The company says Pfizer chief executive Ian Read contacted its chairman Leif Johansson most recently to suggest that the companies issue a joint statement saying they were in negotiations ‘regarding a combination’.

No offer was made this time, and AstraZeneca’s board decided that it was “not appropriate to engage in discussions with Pfizer” in the absence of a ‘specific and attractive proposal’.

“This deal is still looking unlikely and we may see Pfizer push up the offer,” suggests John Lyon, professor of practice at Warwick Business School.
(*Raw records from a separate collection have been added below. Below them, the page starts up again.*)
(* Let $\ell>r\ge 2$ be integers and let $m=m_{r,\ell}$. Then (i) $m>\max\left\{\frac{\ell(r-1)}{2(\ell-r)},\,r-1\right\}$; and (ii) $m<\min\left\{\frac{\ell(\ell-1)}{2(\ell-r)},\,\frac{r}{\alpha}\right\}$, where $\alpha=\alpha(\ell/r)$ is the unique positive real root of the equation $e^{(\ell/r)x}(1-x)=1$, and $\alpha\in(1-r^2/\ell^2,\,1)$. In particular, $m<\frac{r\ell^2}{\ell^2-r^2}$.
   Context: $m_{r,\ell}$ is the unique integer $k\ge r$ maximizing $f(k)=\frac{(k-1)(k-2)\cdots(k-r+1)}{k^{\ell-1}}$ over all integers $k\ge r$. *)

theory Defs
  imports Complex_Main
begin

definition f_rl :: "nat \<Rightarrow> nat \<Rightarrow> nat \<Rightarrow> real" where
  "f_rl r l k = (\<Prod>i=1..r-1. real k - real i) / real k ^ (l - 1)"

definition m_rl :: "nat \<Rightarrow> nat \<Rightarrow> nat" where
  "m_rl r l = (THE k. r \<le> k \<and> (\<forall>j. r \<le> j \<longrightarrow> f_rl r l j \<le> f_rl r l k))"

definition alpha_root :: "real \<Rightarrow> real" where
  "alpha_root c = (THE x. x > 0 \<and> exp (c * x) * (1 - x) = 1)"

end

theory Submission
  imports Defs "HOL-Real_Asymp.Real_Asymp"
begin

(*
  With Q(k) = k^l - (k - r + 1) (k + 1)^(l - 1), the difference f(k + 1) - f(k) has the sign
  of Q(k), which is also the sign of F(k) = l ln k - ln (k - r + 1) - (l - 1) ln (k + 1).
  F decreases up to K = l (r - 1) / (l - r) and then increases to its limit 0, and Q never
  vanishes because k is coprime to k + 1.  So f is unimodal and m is the first k \<ge> r with
  Q(k) < 0.  Comparing F' with the derivative of a rational function gives
  F(x) \<ge> C (K/2 - x) / x^2 with C > 0, whence m > K/2.  Conversely Q(m - 1) > 0 (or m = r)
  yields (1 - 1/m)^l > 1 - r/m; bounding the left side by 1 - l/m + l (l - 1) / (2 m^2) gives
  the quadratic bound, and bounding it by exp (-l/m) says e^(c x) (1 - x) < 1 at x = r/m with
  c = l/r, i.e. alpha < r/m.  Finally e^(c x) (1 - x) increases on [0, 1 - 1/c], decreases
  afterwards, and exceeds 1 at x = 1 - 1/c^2 because 2 ln c < c - 1/c.
*)

lemma the_argmax_unimodal:
  fixes s :: "nat \<Rightarrow> 'a::linordered_ab_group_add"
  assumes "a \<le> p"
    and up: "\<And>i. a \<le> i \<Longrightarrow> i < p \<Longrightarrow> s i < s (Suc i)"
    and down: "\<And>i. p \<le> i \<Longrightarrow> s (Suc i) < s i"
  shows "(THE k. a \<le> k \<and> (\<forall>j. a \<le> j \<longrightarrow> s j \<le> s k)) = p"
proof -
  have less_p: "s j < s p" if "a \<le> j" "j \<noteq> p" for j
  proof (cases "j < p")
    case True
    then show ?thesis
      using lift_Suc_mono_less_ivl[of "{a..<p}" s j p] up that(1) by auto
  next
    case False
    then have "p < j"
      using that(2) by simp
    then show ?thesis
      using lift_Suc_mono_less_ivl[of "{p..}" "\<lambda>i. - s i" p j] down by force
  qed
  show ?thesis
  proof (rule the_equality)
    show "a \<le> p \<and> (\<forall>j. a \<le> j \<longrightarrow> s j \<le> s p)"
      using assms(1) less_p by (auto intro: less_imp_le)
  next
    fix k
    assume "a \<le> k \<and> (\<forall>j. a \<le> j \<longrightarrow> s j \<le> s k)"
    then show "k = p"
      using assms(1) less_p by (meson not_less)
  qed
qed

lemma prod_diff_shift:
  fixes x :: "'a::comm_ring_1"
  shows "(\<Prod>i=1..n. (x + 1) - of_nat i) * (x - of_nat n) = x * (\<Prod>i=1..n. x - of_nat i)"
proof (induction n)
  case (Suc n)
  have "(\<Prod>i=1..Suc n. (x + 1) - of_nat i) * (x - of_nat (Suc n))
      = ((\<Prod>i=1..n. (x + 1) - of_nat i) * (x - of_nat n)) * (x - of_nat (Suc n))"
    by (simp add: prod.cl_ivl_Suc algebra_simps)
  also have "\<dots> = x * (\<Prod>i=1..Suc n. x - of_nat i)"
    using Suc by (simp add: prod.cl_ivl_Suc mult.assoc)
  finally show ?case .
qed simp

lemma one_minus_power_le_second_order:
  fixes u :: real
  assumes "0 \<le> u" "u \<le> 1"
  shows "(1 - u) ^ n \<le> 1 - real n * u + real n * (real n - 1) / 2 * u^2"
proof (induction n)
  case (Suc n)
  have "(1 - u) ^ Suc n \<le> (1 - u) * (1 - real n * u + real n * (real n - 1) / 2 * u^2)"
    using Suc assms by (simp add: mult_left_mono)
  also have "\<dots> = 1 - real (Suc n) * u + real (Suc n) * (real (Suc n) - 1) / 2 * u^2
      - real n * (real n - 1) / 2 * u^3"
    by (simp add: field_simps power2_eq_square power3_eq_cube)
  also have "\<dots> \<le> 1 - real (Suc n) * u + real (Suc n) * (real (Suc n) - 1) / 2 * u^2"
    using assms by (cases n) auto
  finally show ?case .
qed simp

lemma ln_less_half_diff_inverse:
  fixes c :: real
  assumes "1 < c"
  shows "ln c < (c - 1 / c) / 2"
proof -
  define g where "g x = x - 1 / x - 2 * ln x" for x :: real
  have "g 1 < g c"
  proof (rule DERIV_pos_imp_increasing_open[OF assms])
    fix x :: real
    assume x: "1 < x" "x < c"
    then have "(g has_real_derivative (x - 1)^2 / x^2) (at x)"
      unfolding g_def[abs_def]
      by (auto intro!: derivative_eq_intros simp: field_simps power2_eq_square)
    moreover have "0 < (x - 1)^2 / x^2"
      using x by simp
    ultimately show "\<exists>y. (g has_real_derivative y) (at x) \<and> 0 < y"
      by blast
  next
    show "continuous_on {1..c} g"
      unfolding g_def[abs_def] by (intro continuous_intros) auto
  qed
  then show ?thesis
    unfolding g_def by simp
qed

text \<open>For natural numbers \<open>r \<le> k\<close>, \<open>log_step r l k = ln (f_rl r l (k + 1) / f_rl r l k)\<close>.\<close>

definition log_step :: "real \<Rightarrow> real \<Rightarrow> real \<Rightarrow> real" where
  "log_step r l k = l * ln k - ln (k - r + 1) - (l - 1) * ln (k + 1)"

definition turning_point :: "real \<Rightarrow> real \<Rightarrow> real" where
  "turning_point r l = l * (r - 1) / (l - r)"

definition deriv_weight :: "real \<Rightarrow> real \<Rightarrow> real" where
  "deriv_weight r k = k^2 / ((k + 1) * (k - r + 1))"

lemma deriv_weight_pos:
  assumes "1 \<le> r" "r - 1 < k"
  shows "0 < deriv_weight r k"
  using assms unfolding deriv_weight_def by (intro divide_pos_pos mult_pos_pos) auto

lemma deriv_weight_antimono:
  assumes "2 \<le> r" "r - 1 < k" "k \<le> k'"
  shows "deriv_weight r k' \<le> deriv_weight r k"
proof -
  have "k'^2 * ((k + 1) * (k - r + 1)) \<le> k^2 * ((k' + 1) * (k' - r + 1))"
  proof -
    have "k^2 * ((k' + 1) * (k' - r + 1)) - k'^2 * ((k + 1) * (k - r + 1))
        = (k' - k) * ((r - 2) * k * k' + (r - 1) * (k + k'))"
      by (simp add: power2_eq_square algebra_simps)
    moreover have "0 \<le> (k' - k) * ((r - 2) * k * k' + (r - 1) * (k + k'))"
      using assms by (intro mult_nonneg_nonneg add_nonneg_nonneg) auto
    ultimately show ?thesis by linarith
  qed
  moreover have "0 < (k + 1) * (k - r + 1)" "0 < (k' + 1) * (k' - r + 1)"
    using assms by auto
  ultimately show ?thesis
    unfolding deriv_weight_def by (simp add: divide_simps mult.commute)
qed
(* Let $x\in S_N$. Then $x$ contains a $[231]$-pattern if and only if $x$ has an unmatched ascent. Likewise, $x$ contains a $[312]$-pattern if and only if $x$ has an unmatched descent.
   Context: $S_N$ is generated by $s_1,\dots,s_{N-1}$; permutations are in one-line notation and composed as functions, $(uv)(j)=u(v(j))$, so $xs_i$ swaps the entries in positions $i,i+1$. $\operatorname{len}$ denotes Coxeter length (number of inversions). $y$ has a right descent at $i$ if $\operatorname{len}(ys_i)<\operatorname{len}(y)$, and $z$ has a left descent at $i$ if $\operatorname{len}(s_iz)<\operatorname{len}(z)$. $x$ has an unmatched ascent if there exist $i$ and $y,z\in S_N$ with $x=y\,s_is_{i+1}\,z$, $\operatorname{len}(x)=\operatorname{len}(y)+2+\operatorname{len}(z)$, $y$ has no right descents in $\{i,i+1\}$ and $z$ has no left descents in $\{i,i+1\}$. An unmatched descent is defined identically with $s_is_{i+1}$ replaced by $s_{i+1}s_i$. $x$ contains a pattern $\sigma\in S_3$ if some subsequence $x(a),x(b),x(c)$, $a<b<c$, is in the same relative order as $\sigma$. *)

theory Defs
  imports "HOL-Combinatorics.Combinatorics"
begin

text \<open>Permutations of S_N are functions on nat permuting {1..N} (positions and values 1..N);
  composition is function composition, (u v)(j) = u (v j).\<close>

definition sgen :: "nat \<Rightarrow> nat \<Rightarrow> nat" where
  "sgen i = transpose i (Suc i)"

definition len :: "nat \<Rightarrow> (nat \<Rightarrow> nat) \<Rightarrow> nat" where
  "len N x = card {(a, b). 1 \<le> a \<and> a < b \<and> b \<le> N \<and> x a > x b}"

definition right_descent :: "nat \<Rightarrow> (nat \<Rightarrow> nat) \<Rightarrow> nat \<Rightarrow> bool" where
  "right_descent N y i \<longleftrightarrow> len N (y \<circ> sgen i) < len N y"

definition left_descent :: "nat \<Rightarrow> (nat \<Rightarrow> nat) \<Rightarrow> nat \<Rightarrow> bool" where
  "left_descent N z i \<longleftrightarrow> len N (sgen i \<circ> z) < len N z"

definition unmatched_ascent :: "nat \<Rightarrow> (nat \<Rightarrow> nat) \<Rightarrow> bool" where
  "unmatched_ascent N x \<longleftrightarrow>
     (\<exists>i y z. 1 \<le> i \<and> i + 1 \<le> N - 1 \<and> y permutes {1..N} \<and> z permutes {1..N} \<and>
        x = y \<circ> sgen i \<circ> sgen (i + 1) \<circ> z \<and>
        len N x = len N y + 2 + len N z \<and>
        \<not> right_descent N y i \<and> \<not> right_descent N y (i + 1) \<and>
        \<not> left_descent N z i \<and> \<not> left_descent N z (i + 1))"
AstraZeneca was particularly concerned about the proposed structure of the transaction which was put to it in January, “which contained a large proportion of the consideration in Pfizer shares”.

The UK firm says it was told by Pfizer on 15 January “that it was no longer actively considering making an offer”.

AstraZeneca has offered a robust defence of its position, pointing to progress in its diabetes, respiratory and oncology pipelines and the pledge by chief executive Pascal Soriot to halt the slide in global sales in the next three years and focus on what he calls ‘scientific leadership’.

The company also says its share price has performed “strongly and consistently since late last year as AstraZeneca has continued to deliver on its clearly-stated strategy”.

“The Board remains confident in the ongoing execution of AstraZeneca’s strategy as an independent company and that its successful delivery will create significant value for shareholders,” it insists.